Decker, as expected, had his rifle out and ready. He took a second to attach his scope and fired a short round at the target. He figured it would not hurt to give the bird-man a little demonstration.
“Very good,” the Marzalotipan said as the target whipped in close and he changed to a second target, sent it out again and picked up a weird looking rifle. He fired and obliterated the target. “Mind you, this Blueblood canon has a wide angle attachment guaranteed to ruin any oncoming horde. But I might let it go if you have a second projectile weapon.”
“Elder Stow?” Katie noticed the Elder moved close to some of the non-lethal equipment on display.
“Wondering if he has something to charge up my equipment. You know my weapon does not have a limitless charge.”
“Gott-Druk? Did I say that correctly?” People nodded. “We have a fine assortment of the latest Gott-Druk weapons and equipment.”

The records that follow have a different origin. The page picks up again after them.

(* Let $a>1$. Then, as $t\to-\infty$, $$f(t,a)\sim\left(-\frac{\pi t}{2}\right)^{1/2}a^{-t}\,\mathrm{erfi}\!\left[-(1+\ln a)\sqrt{-t/2}\right]\exp\!\left(\frac{t(1+\ln a)^{2}}{2}\right),$$ where $f(t,a)=t\int_0^1(ax)^{-tx}\,dx$. In particular $|f(t,a)|$ grows exponentially as $t\to-\infty$.
   Context: For real $a>0$ and real $t$, $f(t,a)=t\int_0^1 (ax)^{-tx}\,dx$, where $(ax)^{-tx}=\exp(-tx\ln(ax))$ for $x\in(0,1]$. $\mathrm{erfi}(x)=\frac{2}{\sqrt\pi}\int_0^x e^{z^2}\,dz$ is the imaginary error function. The notation $g\sim h$ means $g/h\to1$. *)

theory Defs
  imports "HOL-Analysis.Analysis" "HOL-Library.Landau_Symbols"
begin

definition erfi :: "real \<Rightarrow> real" where
  "erfi x = 2 / sqrt pi * (if 0 \<le> x then integral {0..x} (\<lambda>z. exp (z\<^sup>2))
                                       else - integral {x..0} (\<lambda>z. exp (z\<^sup>2)))"

definition f :: "real \<Rightarrow> real \<Rightarrow> real" where
  "f t a = t * integral {0<..1} (\<lambda>x. exp (- t * x * ln (a * x)))"

end

theory Submission
  imports Defs "HOL-Real_Asymp.Real_Asymp"
begin

(* For s = -t > 0 the substitution x = 1 - v gives f(-s, a) = -a^s J(s), where
   J(s) = f_laplace a s = s * int_0^1 exp(s phi(v)) dv and phi(v) = (1 - v) ln(a (1 - v)) - ln a.
   The phase phi vanishes at the endpoint v = 0 with slope -(1 + ln a) and stays below
   -(ln a) v, so Laplace's method at an endpoint gives J(s) --> 1 / (1 + ln a).
   The substitution z = sqrt(s/2) (1 + ln a - v) turns the erfi expression into -a^s K(s),
   where K(s) = erfi_laplace (1 + ln a) s = s * int_0^(1 + ln a) exp(s (v^2/2 - (1 + ln a) v)) dv
   is a Laplace integral with the same endpoint slope and hence the same limit.  Finally
   a^s = exp(s ln a) and J(s) has a positive limit, so |f(-s, a)| eventually exceeds
   exp(s ln a / 2). *)

lemma integral_Icc_0_reflect_stretch:
  fixes g :: "real \<Rightarrow> real"
  assumes "k > 0"
  shows "integral {0..k * c} g = k * integral {0..c} (\<lambda>v. g (k * (c - v)))"
proof -
  have "(\<lambda>x. x / (-k)) ` {0..k * c} = {-c..0}"
  proof
    show "(\<lambda>x. x / (-k)) ` {0..k * c} \<subseteq> {-c..0}"
      using assms by (auto simp: field_simps)
    show "{-c..0} \<subseteq> (\<lambda>x. x / (-k)) ` {0..k * c}"
    proof
      fix x assume "x \<in> {-c..0}"
      then show "x \<in> (\<lambda>x. x / (-k)) ` {0..k * c}"
        using assms mult_left_mono[of "-x" c k]
        by (intro image_eqI[of _ _ "-k * x"]) (auto simp: field_simps mult_nonneg_nonpos)
    qed
  qed
  then have "integral {-c..0} (\<lambda>x. g (-k * x)) = integral {0..k * c} g / k"
    using integral_stretch_real[of "-k" 0 "k * c" g] assms by simp
  moreover have "integral {0..c} (\<lambda>v. g (k * (c - v))) = integral {-c..0} (\<lambda>x. g (-k * x))"
    using integral_shift_real_ivl[of "-c" "-c" 0 "\<lambda>x. g (-k * x)"] by (simp add: algebra_simps)
  ultimately show ?thesis
    using assms by simp
qed

lemma has_integral_stretch_Icc_0:
  fixes g :: "real \<Rightarrow> real"
  assumes "g integrable_on {0..B}" and "s > 0"
  shows "((\<lambda>u. if u \<in> {0..s * B} then g (u / s) else 0) has_integral s * integral {0..B} g) {0..}"
proof -
  have "(g has_integral integral {0..B} g) (cbox 0 B)"
    using assms(1) by (simp add: has_integral_integral)
  from has_integral_affinity'[OF this, of "1 / s" 0] assms(2)
  have "((\<lambda>u. g (u / s)) has_integral s * integral {0..B} g) {0..s * B}"
    by (simp add: field_simps)
  then show ?thesis
    by (subst has_integral_restrict) (use assms(2) in auto)
qed

lemma dominated_convergence_at_top:
  fixes F :: "real \<Rightarrow> 'n::euclidean_space \<Rightarrow> 'm::euclidean_space"
  assumes F: "\<forall>\<^sub>F s in at_top. F s integrable_on S \<and> (\<forall>x\<in>S. norm (F s x) \<le> h x)"
    and h: "h integrable_on S"
    and lim: "\<And>x. x \<in> S \<Longrightarrow> ((\<lambda>s. F s x) \<longlongrightarrow> g x) at_top"
  shows "((\<lambda>s. integral S (F s)) \<longlongrightarrow> integral S g) at_top"
proof (rule tendsto_at_topI_sequentially)
  fix X :: "nat \<Rightarrow> real"
  assume X: "filterlim X at_top sequentially"
  obtain N where N: "\<And>n. n \<ge> N \<Longrightarrow> F (X n) integrable_on S \<and> (\<forall>x\<in>S. norm (F (X n) x) \<le> h x)"
    using filterlim_iff[THEN iffD1, OF X, rule_format, OF F] by (auto simp: eventually_sequentially)
  have "(\<lambda>k. integral S (F (X (k + N)))) \<longlonglongrightarrow> integral S g"
  proof (rule dominated_convergence(2)[OF _ h])
    show "F (X (k + N)) integrable_on S" for k
      using N[of "k + N"] by auto
    show "norm (F (X (k + N)) x) \<le> h x" if "x \<in> S" for k x
      using N[of "k + N"] that by auto
    show "(\<lambda>k. F (X (k + N)) x) \<longlonglongrightarrow> g x" if "x \<in> S" for x
      using filterlim_compose[OF lim[OF that] X] by (rule LIMSEQ_ignore_initial_segment)
  qed
  then show "(\<lambda>n. integral S (F (X n))) \<longlonglongrightarrow> integral S g"
    by (rule LIMSEQ_offset)
qed

lemma laplace_endpoint_limit:
  fixes \<phi> :: "real \<Rightarrow> real" and \<alpha> c B :: real
  assumes "\<alpha> > 0" and "c > 0" and "B > 0"
    and integrable: "\<And>s. s > 0 \<Longrightarrow> (\<lambda>v. exp (s * \<phi> v)) integrable_on {0..B}"
    and upper: "\<And>v. v \<in> {0..B} \<Longrightarrow> \<phi> v \<le> - c * v"
    and slope: "\<And>u. u \<ge> 0 \<Longrightarrow> ((\<lambda>s. s * \<phi> (u / s)) \<longlongrightarrow> - \<alpha> * u) at_top"
  shows "((\<lambda>s. s * integral {0..B} (\<lambda>v. exp (s * \<phi> v))) \<longlongrightarrow> 1 / \<alpha>) at_top"
proof -
  \<comment> \<open>After the substitution v = u/s the integrals live on [0, oo), are dominated by
    exp(-c u) and converge pointwise to exp(-alpha u), whose integral is 1/alpha.\<close>
  define G where "G s u = (if u \<in> {0..s * B} then exp (s * \<phi> (u / s)) else 0)" for s u
  have G_integral: "(G s has_integral s * integral {0..B} (\<lambda>v. exp (s * \<phi> v))) {0..}"
    if "s > 0" for s
    unfolding G_def using has_integral_stretch_Icc_0[OF integrable[OF that] that] by simp
  have G_le: "norm (G s u) \<le> exp (- c * u)" if "s > 0" "u \<ge> 0" for s u
  proof (cases "u \<le> s * B")
    case True
    then have "s * \<phi> (u / s) \<le> s * (- c * (u / s))"
      using that upper[of "u / s"] by (intro mult_left_mono) (auto simp: field_simps)
    then show ?thesis
      using True that by (simp add: G_def)
  qed (simp add: G_def)
  have G_lim: "((\<lambda>s. G s u) \<longlongrightarrow> exp (- \<alpha> * u)) at_top" if "u \<in> {0..}" for u
  proof -
    have "\<forall>\<^sub>F s in at_top. exp (s * \<phi> (u / s)) = G s u"
      using eventually_ge_at_top[of "max 1 (u / B)"]
    proof eventually_elim
      case (elim s)
      then have "s > 0" and "u \<le> s * B"
        using \<open>B > 0\<close> by (auto simp: field_simps)
      then show ?case
        using that by (simp add: G_def)
    qed
    with slope[of u] that show ?thesis
      by (auto intro: Lim_transform_eventually tendsto_exp)
  qed
  have "((\<lambda>s. integral {0..} (G s)) \<longlongrightarrow> integral {0..} (\<lambda>u. exp (- \<alpha> * u))) at_top"
  proof (rule dominated_convergence_at_top[OF _ _ G_lim])
    show "\<forall>\<^sub>F s in at_top. G s integrable_on {0..} \<and> (\<forall>u\<in>{0..}. norm (G s u) \<le> exp (- c * u))"
      using eventually_gt_at_top[of 0] by eventually_elim (use G_integral G_le in auto)
    show "(\<lambda>u. exp (- c * u)) integrable_on {0..}"
      using has_integral_exp_minus_to_infinity[OF \<open>c > 0\<close>, of 0] by blast
  qed
  moreover have "integral {0..} (\<lambda>u. exp (- \<alpha> * u)) = 1 / \<alpha>"
    using has_integral_exp_minus_to_infinity[OF \<open>\<alpha> > 0\<close>, of 0] by (simp add: integral_unique)
  moreover have "\<forall>\<^sub>F s in at_top. integral {0..} (G s) = s * integral {0..B} (\<lambda>v. exp (s * \<phi> v))"
    using eventually_gt_at_top[of 0] by eventually_elim (use G_integral in \<open>simp add: integral_unique\<close>)
  ultimately show ?thesis
    by (auto intro: Lim_transform_eventually)
qed

lemma continuous_on_mult_ln_mult:
  fixes a :: real
  assumes "a > 0"
  shows "continuous_on {0..} (\<lambda>x. x * ln (a * x))"
  unfolding continuous_on_eq_continuous_within
proof
  fix x :: real assume "x \<in> {0..}"
  show "continuous (at x within {0..}) (\<lambda>x. x * ln (a * x))"
  proof (cases "x = 0")
    case True
    have "((\<lambda>x. x * (ln a + ln x)) \<longlongrightarrow> 0) (at_right 0)"
      by real_asymp
    moreover have "\<forall>\<^sub>F x in at_right 0. x * (ln a + ln x) = x * ln (a * x)"
      using eventually_at_right_less[of 0] by eventually_elim (use assms in \<open>simp add: ln_mult\<close>)
    ultimately show ?thesis
      using True by (simp add: continuous_within at_within_Ici_at_right Lim_transform_eventually)
  next
    case False
    with \<open>x \<in> {0..}\<close> assms have "isCont (\<lambda>x. x * ln (a * x)) x"
      by (intro continuous_intros) auto
    then show ?thesis
      by (rule continuous_at_imp_continuous_at_within)
  qed
qed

“And how did you come by it?” Lincoln asked while he watched Boston and Alexis dismount and move up to some of the cloth on display.
“All fair trade, or properly scavenged,” the Marzalotipan said. “There is a war on out there you know. Now that is the finest Dilodian silk. It was made out of, I would have to call it spider webs for you purposes. See how lovely, how it changes colors in the wind.” The cloth rippled with dark red, green. blue and purple strands.
“People!” Lockhart raised his voice to get everyone’s attention. The travelers all stopped what they were doing and returned to their horses. “We are not here to buy.” Lockhart turned to the Marzalotipan. “This planet is off limits as far as I know.”
“To fair trade?” The Marzalotipan acted like that was unheard of.
“You need a written permit from the Kairos. Boston. Distance?”
Boston pulled out her amulet. She looked up in the correct direction and took a moment to calculate. “Roughly twenty five miles that way,” she pointed where she was looking before she got back up on her horse.
“You get authorization to trade on this planet, then maybe we will talk.”
“Is it a city? Did I miss it in my initial survey of the land?”
Lockhart shook his head. “I don’t know his disposition. But his name –,“ he looked at Lincoln.
“Wir’a,” Lincoln said.
“Go to where you find people and ask for Wir’a.” Lockhart turned his horse to the grasslands. The others followed, though Alexis looked back once at the Dilodian silk.